The Spanish Group risk stratification model13 is based on 2 risk factors: a high proportion of abnormal plasma cells (aPC) within the bone marrow plasma cell (BMPC) compartment (ie, ≥95% CD56+/CD19-); and an evolving subtype of the disease (defined as an increase in the level of serum M-protein by at least 10% during the first 6 months of follow-up, or a progressive and constant increase of the M-protein until overt MM develops).

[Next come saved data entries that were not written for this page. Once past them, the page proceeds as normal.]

(* Let $\gamma\ge 1$ and let $\{b_n\}_{n\in\mathbb Z}$ be a real sequence with $b_n\ge 0$ for all $n$ and $\{b_n\}\in \ell^{\gamma+1/2}(\mathbb Z)$. Let $\{e_j\}$ be the positive eigenvalues of the operator on $\ell^2(\mathbb Z)$ $$\varphi(n)\mapsto \varphi(n+1)+\varphi(n-1)-2\varphi(n)+b_n\varphi(n),\qquad n\in\mathbb Z.$$ Then $$\sum_j |e_j|^\gamma\le \frac{\pi}{\sqrt3}\,L^{cl}_{\gamma,1}\sum_{n\in\mathbb Z} b_n^{\gamma+1/2},\qquad L^{cl}_{\gamma,1}=\frac{\Gamma(\gamma+1)}{2\sqrt\pi\,\Gamma(\gamma+3/2)}.$$
   Context: The operator is $-D^*D+b_n$ where $D\varphi(n)=\varphi(n+1)-\varphi(n)$ on $\ell^2(\mathbb Z)$ and $D^*\varphi(n)=-(\varphi(n)-\varphi(n-1))$; $b_n$ acts as multiplication. *)

theory Defs
  imports "HOL-Analysis.Analysis"
begin

definition ell2 :: "(int \<Rightarrow> real) \<Rightarrow> bool" where
  "ell2 \<phi> \<longleftrightarrow> (\<lambda>n. (\<phi> n)\<^sup>2) summable_on UNIV"

definition schr_op :: "(int \<Rightarrow> real) \<Rightarrow> (int \<Rightarrow> real) \<Rightarrow> (int \<Rightarrow> real)" where
  "schr_op b \<phi> = (\<lambda>n. \<phi> (n + 1) + \<phi> (n - 1) - 2 * \<phi> n + b n * \<phi> n)"

definition is_eigenvalue :: "(int \<Rightarrow> real) \<Rightarrow> real \<Rightarrow> bool" where
  "is_eigenvalue b e \<longleftrightarrow> (\<exists>\<phi>. ell2 \<phi> \<and> \<phi> \<noteq> (\<lambda>_. 0) \<and> schr_op b \<phi> = (\<lambda>n. e * \<phi> n))"
(* Let $(x_c,y_c,\theta_c)\in\mathbb{R}^2\times\mathbb{S}$ and $t_g>0$, and assume there exists an optimal trajectory $(x(t),y(t),\theta(t))$, $t\in[0,t_g]$, of the MECP with duration $t_g$ such that $(x(0),y(0),\theta(0))=(x_c,y_c,\theta_c)$ and $(x(t_g),y(t_g),\theta(t_g))=(0,0,-\pi/2)$. Then for any $T>0$, $$u^*(t_g,x_c,y_c,\theta_c)=\frac{T}{t_g}\,u^*\!\left(T,\frac{T}{t_g}x_c,\frac{T}{t_g}y_c,\theta_c\right).$$
   Context: Kinematics: $\dot x=\cos\theta$, $\dot y=\sin\theta$, $\dot\theta=u$, with state $(x,y,\theta)\in\mathbb{R}^2\times\mathbb{S}$ ($\mathbb{S}$ the circle of angles) and measurable control $u$. The MECP with duration $t_g$ from state $\boldsymbol z_c$: steer the system on a time interval of length $t_g$ from $\boldsymbol z_c$ to the final state $(0,0,-\pi/2)$ while minimizing $\int \tfrac12u^2\,dt$ over that interval. The optimal feedback control $u^*(t_g,\boldsymbol z_c)$ denotes the value at the initial time of the optimal control of the MECP starting at state $\boldsymbol z_c$ with time-to-go $t_g$; equivalently, along an optimal trajectory $\boldsymbol z(t)$ with optimal control $u(t)$ on $[0,t_f]$, $u^*(t_f-t,\boldsymbol z(t))=u(t)$ for all $t\in[0,t_f)$. *)

theory Defs
  imports "HOL-Analysis.Analysis"
begin

text \<open>Kinematics x' = cos theta, y' = sin theta, theta' = u on [0,tg], state z = (x,y,theta).
  The angle is represented by a real number; the terminal angle condition is taken modulo 2 pi.
  Trajectories are the (absolutely continuous) solutions given in integral form.\<close>

definition theta_traj :: "real \<Rightarrow> (real \<Rightarrow> real) \<Rightarrow> real \<Rightarrow> real" where
  "theta_traj th0 u t = th0 + integral {0..t} u"

definition x_traj :: "real \<Rightarrow> real \<Rightarrow> (real \<Rightarrow> real) \<Rightarrow> real \<Rightarrow> real" where
  "x_traj x0 th0 u t = x0 + integral {0..t} (\<lambda>s. cos (theta_traj th0 u s))"

definition y_traj :: "real \<Rightarrow> real \<Rightarrow> (real \<Rightarrow> real) \<Rightarrow> real \<Rightarrow> real" where
  "y_traj y0 th0 u t = y0 + integral {0..t} (\<lambda>s. sin (theta_traj th0 u s))"

definition admissible :: "real \<Rightarrow> real \<times> real \<times> real \<Rightarrow> (real \<Rightarrow> real) \<Rightarrow> bool" where
  "admissible tg z u \<longleftrightarrow> (case z of (x0, y0, th0) \<Rightarrow>
     u absolutely_integrable_on {0..tg} \<and>
     (\<lambda>t. (u t)\<^sup>2) integrable_on {0..tg} \<and>
     x_traj x0 th0 u tg = 0 \<and> y_traj y0 th0 u tg = 0 \<and>
     (\<exists>k::int. theta_traj th0 u tg = - pi / 2 + 2 * pi * of_int k))"

definition cost :: "real \<Rightarrow> (real \<Rightarrow> real) \<Rightarrow> real" where
  "cost tg u = integral {0..tg} (\<lambda>t. (u t)\<^sup>2 / 2)"

definition MECP_optimal :: "real \<Rightarrow> real \<times> real \<times> real \<Rightarrow> (real \<Rightarrow> real) \<Rightarrow> bool" where
  "MECP_optimal tg z u \<longleftrightarrow> admissible tg z u \<and> (\<forall>w. admissible tg z w \<longrightarrow> cost tg u \<le> cost tg w)"

text \<open>v is a value of the optimal feedback u*(tg,z): the value at the initial time of an
  optimal control (taken as its right limit at 0, which is independent of the a.e. representative).
  Since optimal controls need not be unique, u* is treated as a relation.\<close>
definition feedback_value :: "real \<Rightarrow> real \<times> real \<times> real \<Rightarrow> real \<Rightarrow> bool" where
  "feedback_value tg z v \<longleftrightarrow> (\<exists>u. MECP_optimal tg z u \<and> (u \<longlongrightarrow> v) (at_right 0))"

end

theory Submission
  imports Defs
begin

text \<open>Dilating time and the plane by the same factor \<open>c > 0\<close> maps solutions of the
  kinematics to solutions: if \<open>(x, y, \<theta>)\<close> is driven by \<open>u\<close> on \<open>[0, t]\<close>, then
  \<open>(c x(s/c), c y(s/c), \<theta>(s/c))\<close> is driven by \<open>u(s/c)/c\<close> on \<open>[0, c t]\<close>. This preserves the
  target \<open>(0, 0, -\<pi>/2)\<close> and divides the energy by \<open>c\<close>, so it is a bijection between the
  optimal controls of the two MECPs (its inverse is the dilation by \<open>1/c\<close>), and it divides the
  initial value of the control by \<open>c\<close>.\<close>

lemma integrable_on_dilation_iff:
  fixes f :: "real \<Rightarrow> 'b::real_normed_vector"
  assumes "c > 0"
  shows "(\<lambda>s. f (s / c)) integrable_on {c * a..c * b} \<longleftrightarrow> f integrable_on {a..b}"
  using integrable_stretch_real_iff[of "1 / c" f a b] image_mult_atLeastAtMost[of c a b] assms
  by (simp add: mult.commute)

lemma integral_dilation:
  fixes f :: "real \<Rightarrow> 'b::real_normed_vector"
  assumes "c > 0"
  shows "integral {c * a..c * b} (\<lambda>s. f (s / c)) = c *\<^sub>R integral {a..b} f"
  using integral_stretch_real[of "1 / c" a b f] image_mult_atLeastAtMost[of c a b] assms
  by (simp add: mult.commute)

definition dilate_control :: "real \<Rightarrow> (real \<Rightarrow> real) \<Rightarrow> real \<Rightarrow> real" where
  "dilate_control c u = (\<lambda>s. u (s / c) / c)"

lemma theta_traj_dilate_control:
  assumes "c > 0"
  shows "theta_traj th (dilate_control c u) s = theta_traj th u (s / c)"
  using integral_dilation[OF assms, where f = u and a = 0 and b = "s / c"] assms
  by (simp add: theta_traj_def dilate_control_def)

lemma integral_comp_theta_traj_dilate_control:
  fixes g :: "real \<Rightarrow> real"
  assumes "c > 0"
  shows "integral {0..c * t} (\<lambda>s. g (theta_traj th (dilate_control c u) s))
       = c * integral {0..t} (\<lambda>s. g (theta_traj th u s))"
  using integral_dilation[OF assms, where f = "\<lambda>s. g (theta_traj th u s)" and a = 0 and b = t] assms
  by (simp add: theta_traj_dilate_control)

lemma x_traj_dilate_control:
  assumes "c > 0"
  shows "x_traj (c * x) th (dilate_control c u) (c * t) = c * x_traj x th u t"
  using integral_comp_theta_traj_dilate_control[OF assms, where g = cos]
  by (simp add: x_traj_def distrib_left)

lemma y_traj_dilate_control:
  assumes "c > 0"
  shows "y_traj (c * y) th (dilate_control c u) (c * t) = c * y_traj y th u t"
  using integral_comp_theta_traj_dilate_control[OF assms, where g = sin]
  by (simp add: y_traj_def distrib_left)

lemma integrable_on_comp_dilate_control_iff:
  assumes "c > 0"
  shows "(\<lambda>s. g (dilate_control c u s)) integrable_on {0..c * t}
     \<longleftrightarrow> (\<lambda>s. g (u s / c)) integrable_on {0..t}"
  using integrable_on_dilation_iff[OF assms, where f = "\<lambda>s. g (u s / c)" and a = 0 and b = t]
  by (simp add: dilate_control_def)

lemma cost_dilate_control:
  assumes "c > 0"
  shows "cost (c * t) (dilate_control c u) = cost t u / c"
proof -
  have "cost (c * t) (dilate_control c u) = integral {0..c * t} (\<lambda>s. (u (s / c))\<^sup>2 / 2 / c\<^sup>2)"
    by (simp add: cost_def dilate_control_def power_divide)
  also have "\<dots> = c * cost t u / c\<^sup>2"
    using integral_dilation[OF assms, where f = "\<lambda>s. (u s)\<^sup>2 / 2" and a = 0 and b = t] by (simp add: cost_def)
  finally show ?thesis
    using assms by (simp add: power2_eq_square)
qed

lemma admissible_dilate_control:
  assumes "c > 0" and "admissible t (x, y, th) u"
  shows "admissible (c * t) (c * x, c * y, th) (dilate_control c u)"
proof -
  have u: "u integrable_on {0..t}" "(\<lambda>s. norm (u s)) integrable_on {0..t}"
    "(\<lambda>s. (u s)\<^sup>2) integrable_on {0..t}"
    using assms(2) by (auto simp: admissible_def absolutely_integrable_on_def)
  have "(\<lambda>s. u s / c) integrable_on {0..t}" "(\<lambda>s. norm (u s / c)) integrable_on {0..t}"
    "(\<lambda>s. (u s / c)\<^sup>2) integrable_on {0..t}"
    using u assms(1) by (simp_all add: integrable_on_divide power_divide)
  then have "dilate_control c u absolutely_integrable_on {0..c * t}"
    "(\<lambda>s. (dilate_control c u s)\<^sup>2) integrable_on {0..c * t}"
    using integrable_on_comp_dilate_control_iff[OF assms(1), of "\<lambda>v. v" u t]
      integrable_on_comp_dilate_control_iff[OF assms(1), of norm u t]
      integrable_on_comp_dilate_control_iff[OF assms(1), of "\<lambda>v. v\<^sup>2" u t]
    by (simp_all add: absolutely_integrable_on_def)
  moreover have "theta_traj th (dilate_control c u) (c * t) = theta_traj th u t"
    using assms(1) by (simp add: theta_traj_dilate_control)
  ultimately show ?thesis
    using assms by (simp add: admissible_def x_traj_dilate_control y_traj_dilate_control)
qed

lemma MECP_optimal_dilate_control:
  assumes "c > 0" and opt: "MECP_optimal t (x, y, th) u"
  shows "MECP_optimal (c * t) (c * x, c * y, th) (dilate_control c u)"
  unfolding MECP_optimal_def
proof safe
  show "admissible (c * t) (c * x, c * y, th) (dilate_control c u)"
    using admissible_dilate_control assms by (auto simp: MECP_optimal_def)
next
  fix w
  assume "admissible (c * t) (c * x, c * y, th) w"
  then have "admissible (1 / c * (c * t)) (1 / c * (c * x), 1 / c * (c * y), th)
      (dilate_control (1 / c) w)"
    using assms(1) by (intro admissible_dilate_control) simp_all
  then have "cost t u \<le> cost t (dilate_control (1 / c) w)"
    using opt assms(1) by (simp add: MECP_optimal_def)
  also have "\<dots> = c * cost (c * t) w"
    using cost_dilate_control[of "1 / c" "c * t" w] assms(1) by simp
  finally show "cost (c * t) (dilate_control c u) \<le> cost (c * t) w"
    using assms(1) by (simp add: cost_dilate_control pos_divide_le_eq mult.commute)
qed

lemma tendsto_at_right_0_dilate_control:
  assumes "c > 0" and "(u \<longlongrightarrow> v) (at_right 0)"
  shows "(dilate_control c u \<longlongrightarrow> v / c) (at_right 0)"
proof -
  have "filterlim (\<lambda>s. s / c) (at_right 0) (at_right 0)"
    using assms(1) by real_asymp
  with assms(2) have "((\<lambda>s. u (s / c)) \<longlongrightarrow> v) (at_right 0)"
    by (rule filterlim_compose)
  then show ?thesis
    unfolding dilate_control_def by (intro tendsto_divide) (use assms(1) in auto)
qed

lemma feedback_value_dilate:
  assumes "c > 0" and "feedback_value t (x, y, th) v"
  shows "feedback_value (c * t) (c * x, c * y, th) (v / c)"
  using assms MECP_optimal_dilate_control tendsto_at_right_0_dilate_control
  unfolding feedback_value_def by blast

lemma feedback_value_dilate_iff:
  assumes "c > 0"
  shows "feedback_value (c * t) (c * x, c * y, th) (v / c) \<longleftrightarrow> feedback_value t (x, y, th) v"
  using feedback_value_dilate[OF assms] feedback_value_dilate[of "1 / c" "c * t" "c * x" "c * y" th "v / c"]
    assms by auto

theorem lemma3:
  fixes xc yc thc tg T :: real
  assumes "tg > 0"
    and "\<exists>u. MECP_optimal tg (xc, yc, thc) u"
    and "T > 0"
  shows "\<forall>v. feedback_value tg (xc, yc, thc) v \<longleftrightarrow>
             feedback_value T (T / tg * xc, T / tg * yc, thc) (tg / T * v)"
proof
  fix v
  have "T / tg > 0" "T / tg * tg = T" "v / (T / tg) = tg / T * v"
    using assms(1,3) by simp_all
  then show "feedback_value tg (xc, yc, thc) v \<longleftrightarrow>
             feedback_value T (T / tg * xc, T / tg * yc, thc) (tg / T * v)"
    using feedback_value_dilate_iff[of "T / tg" tg xc yc thc v] by (simp add: mult.commute)
qed

end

The 7-year cumulative probability of progression of MGUS to MM: 2% for patients with neither risk factor, 16% with one risk factor, and 72% with both risk factors.13
SMM. Classification of this progressive state is defined by a serum level of monoclonal protein (IgG, IgA, IgD, or IgE) ≥3 g/dL or a concentration of clonal bone marrow plasma cells ≥10%; and by an absence of end-organ damage such as hypercalcemia, renal insufficiency, anemia, and bone lesions (CRAB) that can be attributed to a plasma cell proliferative disorder (TABLE 2).3 Both laboratory and clinical criteria must be met.
According to the Mayo Clinic risk stratification model, likelihood of progression reflects combinations of 3 factors: bone marrow plasmacytosis ≥10%, a serum M-protein level ≥3 g/dL, and a serum FLC ratio ≤0.125 or ≥8.14 Using this stratification scheme, the risk over 10 years of progressing from SMM to MM is 84% for those with all 3 risk factors, 65% with 2 factors, and 52% with one factor.14 As SMM is defined, there is no upper limit of bone marrow involvement. However, Rajkumar et al15 found that progression time was significantly shorter (P<.001) among patients with ≥60% bone marrow involvement, compared with those having <60% involvement.
The Spanish Group risk stratification model13 uses the same model applied to MGUS: a proportion of abnormal plasma cells in the BMPC compartment ≥95% CD56+/CD19-; and an evolving subtype of disease. The 3-year cumulative probability of progression of SMM to MM is 46% for those with both risk factors, 12% for those with one factor, and <1% for those with no risk factors.13
LC-MGUS. The classification of LC-MGUS (TABLE 4)3 is primarily from a Mayo Clinic study6 and research on risk stratification is underway at 2 other institutions. False-positive results are possible in patients with renal16 and inflammatory17 disorders.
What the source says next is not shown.